# new stuff going up tomorrow



## JBroida (Jul 11, 2012)

Sara and I just finished taking a bunch of product photos... planning on putting up a bunch of new items tomorrow including some rare/limited items and some stuff thats been in store only up to this point. Stay tuned...


----------



## unkajonet (Jul 11, 2012)

What, no teaser shots?


----------



## JBroida (Jul 11, 2012)

photos are at work and i'm at home...sorry


----------



## unkajonet (Jul 11, 2012)

Home? It's not even midnight!


----------



## Customfan (Jul 11, 2012)

Cant Wait Jon! :couch:


----------



## James (Jul 11, 2012)

does JKI have an RSS feed? :biggrin:


----------



## JBroida (Jul 11, 2012)

i think so... http://www.japaneseknifeimports.com/rss/


----------



## DwarvenChef (Jul 11, 2012)

INSTAGATOR!!!!


----------



## Cutty Sharp (Jul 11, 2012)

Sugoi!


----------



## obtuse (Jul 11, 2012)

Where's the new stuff???


----------



## JBroida (Jul 11, 2012)

its been super busy here today so far... as soon as i have time, things are going up. I promise.


----------



## schanop (Jul 11, 2012)

It's already Thursday.


----------



## Crothcipt (Jul 11, 2012)

Ya I have been checking this out all day.


----------



## JBroida (Jul 11, 2012)

starting on this right now... resizing pictures as we speak... then building product pages...


----------



## schanop (Jul 11, 2012)

Am I imagining hearing a whip??


----------



## JBroida (Jul 11, 2012)

Got most of them up today... just missing a couple of stones and knife bags i think (and i forgot to take pictures of them too... sorry)

Here's whats up now:
http://www.japaneseknifeimports.com/new-items-list.html


----------



## heldentenor (Jul 11, 2012)

Man...every time I see that kensaki yanagi in blue #1 I wonder why I don't have any single bevels yet.


----------



## schanop (Jul 11, 2012)

Yeah, that little awesome baddy.







Get it, get it.


----------



## JBroida (Jul 12, 2012)

some pictures of some of the new items:


----------



## JBroida (Jul 12, 2012)

some pictures of some of the new items:


















































*sorry for the tiny images... cant figure out why that happened.

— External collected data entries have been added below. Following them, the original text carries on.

(* Let $\models$ be an intersective mixed consequence truth-relation on a finite set $V$ of truth values, with induced consequence relation $\vdash$ in a constant expressive setting. The following are equivalent: (i) $\vdash$ admits a G-disjunction; (ii) every minimal representation of $\models$ is based on a disjunction-compatible list of sets of designated values; (iii) some representation of $\models$ is based on a disjunction-compatible list of sets of designated values.
   Context: $V$ contains distinct $1,0$; sets of designated values: $\mathcal{D}\subseteq V$, $1\in\mathcal{D}$, $0\notin\mathcal{D}$. $\gamma\models_{\mathcal{D}_p,\mathcal{D}_c}\delta$ iff ($\gamma\subseteq\mathcal{D}_p\Rightarrow\delta\cap\mathcal{D}_c\neq\emptyset$). An intersective mixed truth-relation is $\models_{\mathcal{D}_p^1,\mathcal{D}_c^1}\cap\dots\cap\models_{\mathcal{D}_p^K,\mathcal{D}_c^K}$; such a list is a representation, based on the list of sets $\mathcal{D}_p^1,\mathcal{D}_c^1,\dots,\mathcal{D}_p^K,\mathcal{D}_c^K$; it is minimal if $K$ is least possible. A list $\mathcal{D}_1,\dots,\mathcal{D}_n$ is disjunction-compatible if for all $x,y\in V$ there is $z\in V$ such that for every $i$: $z\in\mathcal{D}_i$ iff ($x\in\mathcal{D}_i$ or $y\in\mathcal{D}_i$). Semantics: valuations mapping atoms to $V$, connectives interpreted by fixed truth functions, extended compositionally, every assignment to finitely many distinct atoms realized; constant expressive: every value is the constant value of some formula. $\Gamma\vdash\Delta$ iff $v(\Gamma)\models v(\Delta)$ for all $v$. A G-disjunction is a binary connective $\vee$ (interpreted by some truth function) with, for all $\Gamma,\Delta,A,B$: $\Gamma\vdash\{A\vee B\}\cup\Delta$ iff $\Gamma\vdash\{A,B\}\cup\Delta$; and $\Gamma\cup\{A\vee B\}\vdash\Delta$ iff ($\Gamma\cup\{A\}\vdash\Delta$ and $\Gamma\cup\{B\}\vdash\Delta$). *)

theory Defs
  imports Main
begin
lemma integral_subinterval_minus_weighted_le:
  fixes f f' g :: "real \<Rightarrow> real"
  assumes ac: "abs_continuous_on a b f" and N: "negligible N"
    and der: "\<forall>x\<in>{a..b} - N. (f has_real_derivative f' x) (at x within {a..b})"
    and conc: "s_concave_on s {a..b} (\<lambda>t. \<bar>f' t\<bar> powr q)" and "q > 0"
    and g: "g integrable_on {a..b}" "\<forall>t\<in>{a..b}. 0 \<le> g t \<and> g t \<le> 1"
    and cd: "a \<le> c" "c \<le> d" "d \<le> b" "d - c = integral {a..b} g"
    and m: "a \<le> m" "m \<le> b"
  shows "\<bar>integral {c..d} f - integral {a..b} (\<lambda>t. f t * g t)\<bar>
    \<le> 2 powr (s / q) / 2 * ((m - a)\<^sup>2 * \<bar>f' ((a + m) / 2)\<bar> + (b - m)\<^sup>2 * \<bar>f' ((m + b) / 2)\<bar>)"
proof -
  let ?K = "2 powr (s / q)"
  let ?w = "\<lambda>t. indicator {c..d} t - g t"
  have f: "continuous_on {a..b} f"
    by (rule abs_continuous_on_imp_continuous_on[OF ac])
  have sub: "{c..d} \<subseteq> {a..b}"
    using cd by auto
  have f_cd: "f integrable_on {c..d}"
    by (rule integrable_continuous_real, rule continuous_on_subset[OF f sub])
  have ind: "(indicator {c..d} :: real \<Rightarrow> real) integrable_on {a..b}"
      "integral {a..b} (indicator {c..d} :: real \<Rightarrow> real) = d - c"
    using integral_mult_indicator_subinterval[OF sub, of "\<lambda>_. 1"] cd by auto
  have fg: "(\<lambda>t. f t * g t) integrable_on {a..b}"
    using f g by (intro integrable_continuous_mult_bounded[where B = 1]) auto
  have "integral {c..d} f - integral {a..b} (\<lambda>t. f t * g t) = integral {a..b} (\<lambda>t. (f t - f m) * ?w t)"
    using integral_mult_diff_recentre[OF integral_mult_indicator_subinterval(1)[OF sub f_cd] fg ind(1) g(1)]
      integral_mult_indicator_subinterval(2)[OF sub f_cd] ind(2) cd(4) by simp
  also have "\<bar>\<dots>\<bar> \<le> ?K * \<bar>f' ((a + m) / 2)\<bar> * (m - a)\<^sup>2 / 2 + ?K * \<bar>f' ((m + b) / 2)\<bar> * (b - m)\<^sup>2 / 2"
  proof (rule abs_integral_deviation_mult_le[OF m f])
    show "?w integrable_on {a..b}"
      using ind(1) g(1) by (rule integrable_diff)
    show "\<bar>?w t\<bar> \<le> 1" if "t \<in> {a..b}" for t
      using g(2) that by (auto simp: indicator_def)
    show "\<bar>f t - f m\<bar> \<le> ?K * \<bar>f' ((a + m) / 2)\<bar> * (m - t)" if "t \<in> {a..m}" for t
      using abs_continuous_on_diff_le_midpoint[OF ac N der conc \<open>q > 0\<close>, of a t m m] that m
      by (simp add: abs_minus_commute)
    show "\<bar>f t - f m\<bar> \<le> ?K * \<bar>f' ((m + b) / 2)\<bar> * (t - m)" if "t \<in> {m..b}" for t
      using abs_continuous_on_diff_le_midpoint[OF ac N der conc \<open>q > 0\<close>, of m m t b] that m
      by simp
  qed
  also have "\<dots> = ?K / 2 * ((m - a)\<^sup>2 * \<bar>f' ((a + m) / 2)\<bar> + (b - m)\<^sup>2 * \<bar>f' ((m + b) / 2)\<bar>)"
    by (simp add: algebra_simps)
  finally show ?thesis .
qed

lemma integral_weight_bounds:
  fixes g :: "real \<Rightarrow> real"
  assumes "g integrable_on {a..b}" "\<forall>t\<in>{a..b}. 0 \<le> g t \<and> g t \<le> 1" "a \<le> b"
  shows "0 \<le> integral {a..b} g" "integral {a..b} g \<le> b - a"
  using assms integral_nonneg[OF assms(1)] integral_le[OF assms(1), of "\<lambda>_. 1"] by auto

Looking into it when i have some time.


----------



## markenki (Jul 12, 2012)

JBroida said:


> *sorry for the tiny images... cant figure out why that happened. Looking into it when i have some time.


Did you mean on your website or in this thread? If here, then maybe related to this: http://www.kitchenknifeforums.com/showthread.php/6600-shrinkage

Regards,

Mark


----------



## JBroida (Jul 12, 2012)

both


----------